Will Barnicoat

Personal information
- Nationality: Great Britain
- Born: William Charles Greathead Barnicoat 24 March 2003 (age 23) Guildford
- Height: 5'11

Sport
- Sport: Athletics
- Event: 5000m

Achievements and titles
- Personal best(s): 5000m: 13:19.66 (Paris, 2024)

Medal record
Men's athletics
Representing Great Britain
European U23 Championships
| Bronze medal – third place | 2025 Bergen | 5000m |
| Bronze medal – third place | 2023 Espoo | 5000m |
European Cross Country Championships
| Gold medal – first place | 2022 Turin | U20 race |
| Gold medal – first place | 2022 Turin | U20 Team |
| Gold medal – first place | 2023 Brussels | U23 race |
| Gold medal – first place | 2023 Brussels | U23 team |
| Gold medal – first place | 2024 Antalya | U23 race |
| Gold medal – first place | 2024 Antalya | U23 team |

= Will Barnicoat =

British athlete (born 2003)

Will Barnicoat (born 24 March 2003) is a British track and field athlete and cross country runner. He was European U20 cross country champion in 2022, and became European U23 cross country champion in 2023 and 2024.

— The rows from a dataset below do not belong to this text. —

lemma span_m3h_rows_mono_Suc:
  "mpoly.span (set (m3h_rows n r lt f D k e)) \<subseteq> mpoly.span (set (m3h_rows n r lt f D (Suc k) e))"
  unfolding m3h_rows_Suc by (rule mpoly.span_mono) auto

text \<open>Induction along the monomial order: if the algorithm skips \<open>x\<^sup>\<beta> f\<^sub>k\<^sub>+\<^sub>1\<close>, some
  \<open>q\<close> in the row space of degree \<open>e - D (k + 1)\<close> has leading monomial \<open>\<beta>\<close>; then
  \<open>q f\<^sub>k\<^sub>+\<^sub>1\<close> lies in the smaller ideal and \<open>x\<^sup>\<beta> - q/lc(q)\<close> involves only monomials below
  \<open>\<beta>\<close>.\<close>

lemma single_mult_in_span_m3h_rows:
  assumes f: "\<forall>s\<in>{1..Suc k}. homog n r (D s) (f s)"
    and IH: "ideal_deg n r f D k e \<subseteq> mpoly.span (set (m3h_rows n r lt f D k e))"
    and \<beta>: "\<beta> \<in> Mon n r (\<lambda>i. e i - D (Suc k) i)"
  shows "Poly_Mapping.single \<beta> 1 * f (Suc k) \<in> mpoly.span (set (m3h_rows n r lt f D (Suc k) e))"
proof -
  define e' where "e' = (\<lambda>i. e i - D (Suc k) i)"
  let ?R = "mpoly.span (set (m3h_rows n r lt f D (Suc k) e))"
  have old: "ideal_deg n r f D k e \<subseteq> ?R"
    using IH span_m3h_rows_mono_Suc by (rule subset_trans)
  have f': "\<forall>s\<in>{1..k}. homog n r (D s) (f s)" using f by simp
  from \<beta>[folded e'_def] show ?thesis
  proof (induction rule: Mon_lt_induct)
    case (less \<beta>)
    show ?case
    proof (cases "\<beta> \<in> m3h_lead_monos n r lt f D k e'")
      case False
      then have "\<beta> \<in> set (m3h_new_monos n r lt f D k e)"
        using less.hyps set_m3h_new_monos unfolding e'_def by blast
      then show ?thesis unfolding m3h_rows_Suc by (intro mpoly.span_base) simp
    next
      case True
      then obtain q where q: "q \<in> mpoly.span (set (m3h_rows n r lt f D k e'))" "is_lead_mono lt q \<beta>"
        using m3h_lead_monos_iff[OF f'] by blast
      define a where "a = Poly_Mapping.lookup q \<beta>"
      have "a \<noteq> 0" using q(2) unfolding a_def is_lead_mono_def by (simp add: in_keys_iff)
      define t where "t = Poly_Mapping.single \<beta> a - q"
      have "q \<in> ideal_deg n r f D k e'" using q(1) span_m3h_rows_subset_ideal_deg by blast
      then have "q * f (Suc k) \<in> ideal_deg n r f D k e"
        by (rule ideal_deg_mult) (use f in \<open>simp_all add: e'_def\<close>)
      then have q_part: "q * f (Suc k) \<in> ?R" using old by blast
      have "homog n r e' q" using homog_span[OF m3h_rows_homog[OF f'] q(1)] .
      then have "Poly_Mapping.single \<gamma> 1 * f (Suc k) \<in> ?R" if "\<gamma> \<in> Poly_Mapping.keys t" for \<gamma>
        using keys_lead_term_diff[OF q(2)] that less.IH unfolding t_def a_def homog_def by blast
      then have t_part: "t * f (Suc k) \<in> ?R"
        unfolding mult_eq_sum_monomial_mult[of t] by (intro mpoly.span_sum mpoly.span_scale)
      have "t * f (Suc k) + q * f (Suc k) = Poly_Mapping.single \<beta> a * f (Suc k)"
        unfolding t_def by (simp add: algebra_simps)
      also have "\<dots> = smult a (Poly_Mapping.single \<beta> 1 * f (Suc k))"
        unfolding smult_def by (simp add: mult.assoc[symmetric] mult_single)
      finally have "Poly_Mapping.single \<beta> 1 * f (Suc k) =
          smult (1 / a) (t * f (Suc k) + q * f (Suc k))"
        using \<open>a \<noteq> 0\<close> by simp
      also have "\<dots> \<in> ?R" by (intro mpoly.span_scale mpoly.span_add t_part q_part)
      finally show ?thesis .
    qed
  qed
qed
theorem lemma3p3:
  fixes P :: "'a::euclidean_space measure"
    and p :: "'a \<Rightarrow> real"
    and lam Lam :: real
    and \<psi> :: "'a \<Rightarrow> real"
  assumes "prob_space P"
    and "p \<in> borel_measurable lborel"
    and "P = density lborel (\<lambda>x. ennreal (p x))"
    and "compact (msupport P)" and "convex (msupport P)"
    and "interior (msupport P) \<noteq> {}"
    and "0 < lam" and "lam \<le> Lam"
    and "\<And>x. x \<in> msupport P \<Longrightarrow> lam \<le> p x \<and> p x \<le> Lam"
    and "convex_on (ball 0 1) \<psi>" and "lsc_on (ball 0 1) \<psi>" and "\<psi> 0 = 0"
    and "AE u in spherical_uniform. \<psi> differentiable (at u)"
    and "distr spherical_uniform borel (grad \<psi>) = P"
  shows "((\<lambda>R. hausdorff_dist (grad \<psi> ` {u \<in> ball 0 R. \<psi> differentiable (at u)})
                               (msupport P)) \<longlongrightarrow> 0) (at_left 1)"
proof (rule hausdorff_dist_image_ball_tendsto)
  let ?U = "spherical_uniform :: 'a measure" and ?X = "msupport P"
  have "sets P = sets borel" using assms(3) by simp
  have "AE u in ?U. grad \<psi> u \<in> ?X"
  proof (rule AE_vimage_distr)
    show "prob_space (distr ?U borel (grad \<psi>))" using assms(1,14) by simp
    show "?X \<in> sets borel" using compact_imp_closed[OF assms(4)] by simp
    show "AE y in distr ?U borel (grad \<psi>). y \<in> ?X"
      unfolding assms(14) using \<open>sets P = sets borel\<close> by (rule AE_in_msupport)
  qed simp
  then have good: "AE u in ?U. u \<in> ball 0 1 \<and> \<psi> differentiable (at u) \<and> grad \<psi> u \<in> ?X"
    using AE_spherical_uniform_ball assms(13) by eventually_elim auto
  have "\<exists>w\<in>ball c r. \<psi> differentiable (at w) \<and> grad \<psi> w \<in> ?X"
    if "0 < r" "ball c r \<subseteq> ball 0 1" for c r
    using AE_imp_ex_in_pos_emeasure[OF good emeasure_spherical_uniform_ball_pos[OF that]] by blast
  then show "grad \<psi> u \<in> ?X" if "norm u < 1" "\<psi> differentiable (at u)" for u
    using that assms(4,5,10) by (intro convex_on_grad_in_compact_convex[of "ball 0 1"]) auto
  show "\<exists>w. norm w < 1 \<and> \<psi> differentiable (at w) \<and> dist x (grad \<psi> w) < e"
    if "x \<in> ?X" "0 < e" for x e
  proof -
    have "0 < emeasure P (ball x e)" using that unfolding msupport_def by blast
    also have "emeasure P (ball x e) = emeasure ?U (grad \<psi> -` ball x e)"
      using emeasure_distr_nonmeasurable[of ?U borel "grad \<psi>" "ball x e"]
        assms(14) prob_space.emeasure_space_1[OF assms(1)] assms(3) by simp
    finally show ?thesis using AE_imp_ex_in_pos_emeasure[OF good] by fastforce
  qed
qed (use assms(4,6) interior_subset in auto)

end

==Early and personal life==
Barnicoat runs for Aldershot, Farnham and District Athletics Club. He attended the University of Birmingham, where he was a contemporary of athletes Axel Vang Christensen and David Stone. As a student, Barnicoat supplemented his income working as a pot washer at a branch of Gourmet Burger Kitchen.
He won his first vest for Great Britain aged 16, running in the European Cross Country Championships in Lisbon in December 2019.

==Career==
===2022===
In February 2022, he became the English National junior cross-country champion for the second time, having also been U17 champion before that. Later that year, he won the 2022 European Cross Country Championships U20 race in Turin.

===2023===
He was a bronze medallist in the 2023 European Athletics U23 Championships – Men's 5000 metres in Espoo. In December 2023, he won the 2023 European Cross Country Championships U23 race in Brussels. He also claimed gold as part of the British squad which won the U23 team event.

===2024===
In March 2024, he was named in the senior British team for the 2024 World Athletics Cross Country Championships in Serbia, where he finished 27th (the highest British men's finish since Mo Farah in 2010). In May 2024, he won the British Universities and Colleges Sport (BUCS) 5000 metres. In July he ran a personal best of 13:19.66 in Paris, the third fastest outdoor U23 British 5000m time.

In November 2024, he was named by British Athletics on the Olympic Futures Programme for 2025. He won gold in the U23 individual and with the British U23 team at the 2024 European Cross Country Championships in Antalya, Turkey.

===2025===
In March, at the Podium 5K Festival he was the fastest Briton and ran the 5th fastest 5K road time in British history (13:29). In May he successfully defended his British University Championships 5000m title. He won the bronze medal in the 5000 metres at the 2025 European Athletics U23 Championships in Bergen, finish 0.31 behind the silver medalist Nick Griggs of Ireland with Niels Laros of the Netherlands winning gold. He finished fourth over 5000 metres at the 2025 UK Athletics Championships in Birmingham on 3 August 2025. In October 2025, he was retained on the British Athletics Olympic Futures Programme for 2025/26.

Despite being troubled by an Achilles injury, he ran at the 2025 European Cross Country Championships where Barnicoat was the second British finisher as the British U23 team placed fourth overall.